- EXERCISE DIRECTIONS
Transcribe only the lines of the listing below from the one holding "t \<longrightarrow> (\<forall>S." through the one holding "according as \<open>i", inclusive, without any change.

- SUPPLIED INFORMATION
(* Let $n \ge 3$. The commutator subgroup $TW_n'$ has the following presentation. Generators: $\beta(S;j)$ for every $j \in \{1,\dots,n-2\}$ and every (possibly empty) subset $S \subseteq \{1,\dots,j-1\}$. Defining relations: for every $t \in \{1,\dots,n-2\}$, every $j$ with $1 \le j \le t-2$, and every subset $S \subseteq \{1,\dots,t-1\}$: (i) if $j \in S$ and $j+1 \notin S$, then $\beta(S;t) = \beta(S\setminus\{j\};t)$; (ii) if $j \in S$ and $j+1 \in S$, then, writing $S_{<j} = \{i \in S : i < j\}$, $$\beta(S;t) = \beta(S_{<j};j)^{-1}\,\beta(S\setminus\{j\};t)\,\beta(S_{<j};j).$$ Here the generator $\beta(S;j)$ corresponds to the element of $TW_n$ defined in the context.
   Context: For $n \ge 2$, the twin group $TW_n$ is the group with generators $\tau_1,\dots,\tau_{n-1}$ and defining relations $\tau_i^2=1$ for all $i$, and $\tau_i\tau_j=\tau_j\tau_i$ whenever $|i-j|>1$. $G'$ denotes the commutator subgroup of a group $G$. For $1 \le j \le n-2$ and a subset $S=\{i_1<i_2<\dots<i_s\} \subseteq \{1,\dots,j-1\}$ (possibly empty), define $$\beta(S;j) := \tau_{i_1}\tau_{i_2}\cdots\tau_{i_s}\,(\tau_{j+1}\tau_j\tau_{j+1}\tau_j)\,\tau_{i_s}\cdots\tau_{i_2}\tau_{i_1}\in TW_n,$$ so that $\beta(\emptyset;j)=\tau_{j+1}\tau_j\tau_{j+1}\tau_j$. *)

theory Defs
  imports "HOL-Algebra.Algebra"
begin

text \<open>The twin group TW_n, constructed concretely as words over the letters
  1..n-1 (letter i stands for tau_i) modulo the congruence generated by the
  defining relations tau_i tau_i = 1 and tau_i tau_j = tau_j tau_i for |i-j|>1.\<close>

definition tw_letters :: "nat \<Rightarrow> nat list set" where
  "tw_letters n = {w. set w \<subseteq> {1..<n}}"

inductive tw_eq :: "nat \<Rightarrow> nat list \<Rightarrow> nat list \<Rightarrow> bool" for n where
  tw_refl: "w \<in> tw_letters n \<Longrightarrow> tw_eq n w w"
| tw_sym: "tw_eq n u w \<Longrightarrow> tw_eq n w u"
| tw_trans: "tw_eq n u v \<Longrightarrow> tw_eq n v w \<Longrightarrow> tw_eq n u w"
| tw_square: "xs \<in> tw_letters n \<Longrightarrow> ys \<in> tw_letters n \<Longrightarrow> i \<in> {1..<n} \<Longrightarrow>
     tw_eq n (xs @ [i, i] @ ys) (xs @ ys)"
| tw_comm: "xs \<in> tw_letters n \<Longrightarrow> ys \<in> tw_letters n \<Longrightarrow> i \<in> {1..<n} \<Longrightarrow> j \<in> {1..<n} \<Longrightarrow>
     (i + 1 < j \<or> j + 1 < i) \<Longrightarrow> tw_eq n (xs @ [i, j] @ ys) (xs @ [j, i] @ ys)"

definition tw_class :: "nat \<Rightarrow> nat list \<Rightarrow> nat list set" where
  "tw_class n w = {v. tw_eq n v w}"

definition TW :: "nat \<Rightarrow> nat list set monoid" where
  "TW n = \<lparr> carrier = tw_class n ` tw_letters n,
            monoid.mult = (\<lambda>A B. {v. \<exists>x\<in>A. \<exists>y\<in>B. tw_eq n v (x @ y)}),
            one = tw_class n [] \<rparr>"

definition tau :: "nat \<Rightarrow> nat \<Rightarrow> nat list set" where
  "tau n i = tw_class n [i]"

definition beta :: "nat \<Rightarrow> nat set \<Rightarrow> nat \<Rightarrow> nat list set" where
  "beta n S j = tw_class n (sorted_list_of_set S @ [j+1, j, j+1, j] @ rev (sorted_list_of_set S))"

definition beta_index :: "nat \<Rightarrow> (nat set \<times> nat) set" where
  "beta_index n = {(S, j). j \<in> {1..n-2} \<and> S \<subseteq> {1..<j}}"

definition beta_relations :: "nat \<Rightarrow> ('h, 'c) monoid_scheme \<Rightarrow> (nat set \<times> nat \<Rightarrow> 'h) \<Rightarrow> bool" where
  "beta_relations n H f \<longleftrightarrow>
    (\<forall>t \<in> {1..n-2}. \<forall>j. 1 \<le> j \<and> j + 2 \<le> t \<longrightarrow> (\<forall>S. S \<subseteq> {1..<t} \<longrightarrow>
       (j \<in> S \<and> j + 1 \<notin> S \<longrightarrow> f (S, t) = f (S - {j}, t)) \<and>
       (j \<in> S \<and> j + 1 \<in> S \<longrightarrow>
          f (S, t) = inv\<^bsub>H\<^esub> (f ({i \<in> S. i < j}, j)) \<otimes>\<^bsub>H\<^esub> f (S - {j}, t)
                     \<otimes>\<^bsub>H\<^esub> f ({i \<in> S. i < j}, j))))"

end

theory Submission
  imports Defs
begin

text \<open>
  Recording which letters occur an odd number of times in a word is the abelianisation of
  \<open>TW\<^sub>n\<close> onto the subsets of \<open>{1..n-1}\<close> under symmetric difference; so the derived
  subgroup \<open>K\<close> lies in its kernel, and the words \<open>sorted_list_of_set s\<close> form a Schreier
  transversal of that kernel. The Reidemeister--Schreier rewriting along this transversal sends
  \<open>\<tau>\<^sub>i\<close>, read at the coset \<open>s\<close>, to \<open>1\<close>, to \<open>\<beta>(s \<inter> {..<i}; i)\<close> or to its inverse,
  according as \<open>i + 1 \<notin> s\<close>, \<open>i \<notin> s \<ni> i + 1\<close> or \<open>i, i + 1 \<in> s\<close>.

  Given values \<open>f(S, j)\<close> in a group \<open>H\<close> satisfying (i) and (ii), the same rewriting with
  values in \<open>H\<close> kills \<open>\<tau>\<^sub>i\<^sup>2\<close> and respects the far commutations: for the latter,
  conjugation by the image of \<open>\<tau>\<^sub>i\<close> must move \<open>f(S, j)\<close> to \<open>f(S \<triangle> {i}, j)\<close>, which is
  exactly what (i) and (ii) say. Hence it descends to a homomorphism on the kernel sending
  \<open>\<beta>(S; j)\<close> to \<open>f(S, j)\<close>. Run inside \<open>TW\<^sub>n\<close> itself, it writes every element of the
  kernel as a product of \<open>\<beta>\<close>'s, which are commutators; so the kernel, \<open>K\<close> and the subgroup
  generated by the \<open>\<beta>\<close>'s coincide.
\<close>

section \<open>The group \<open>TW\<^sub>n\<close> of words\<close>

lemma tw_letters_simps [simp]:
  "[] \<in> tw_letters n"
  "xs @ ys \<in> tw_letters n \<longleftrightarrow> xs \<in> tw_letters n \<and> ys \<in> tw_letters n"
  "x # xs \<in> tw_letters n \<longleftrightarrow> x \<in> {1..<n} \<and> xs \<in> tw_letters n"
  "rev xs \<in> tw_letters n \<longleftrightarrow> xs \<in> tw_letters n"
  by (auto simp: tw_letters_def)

- RESULT OF THIS EXERCISE
    (\<forall>t \<in> {1..n-2}. \<forall>j. 1 \<le> j \<and> j + 2 \<le> t \<longrightarrow> (\<forall>S. S \<subseteq> {1..<t} \<longrightarrow>
       (j \<in> S \<and> j + 1 \<notin> S \<longrightarrow> f (S, t) = f (S - {j}, t)) \<and>
       (j \<in> S \<and> j + 1 \<in> S \<longrightarrow>
          f (S, t) = inv\<^bsub>H\<^esub> (f ({i \<in> S. i < j}, j)) \<otimes>\<^bsub>H\<^esub> f (S - {j}, t)
                     \<otimes>\<^bsub>H\<^esub> f ({i \<in> S. i < j}, j))))"

end

theory Submission
  imports Defs
begin

text \<open>
  Recording which letters occur an odd number of times in a word is the abelianisation of
  \<open>TW\<^sub>n\<close> onto the subsets of \<open>{1..n-1}\<close> under symmetric difference; so the derived
  subgroup \<open>K\<close> lies in its kernel, and the words \<open>sorted_list_of_set s\<close> form a Schreier
  transversal of that kernel. The Reidemeister--Schreier rewriting along this transversal sends
  \<open>\<tau>\<^sub>i\<close>, read at the coset \<open>s\<close>, to \<open>1\<close>, to \<open>\<beta>(s \<inter> {..<i}; i)\<close> or to its inverse,
  according as \<open>i + 1 \<notin> s\<close>, \<open>i \<notin> s \<ni> i + 1\<close> or \<open>i, i + 1 \<in> s\<close>.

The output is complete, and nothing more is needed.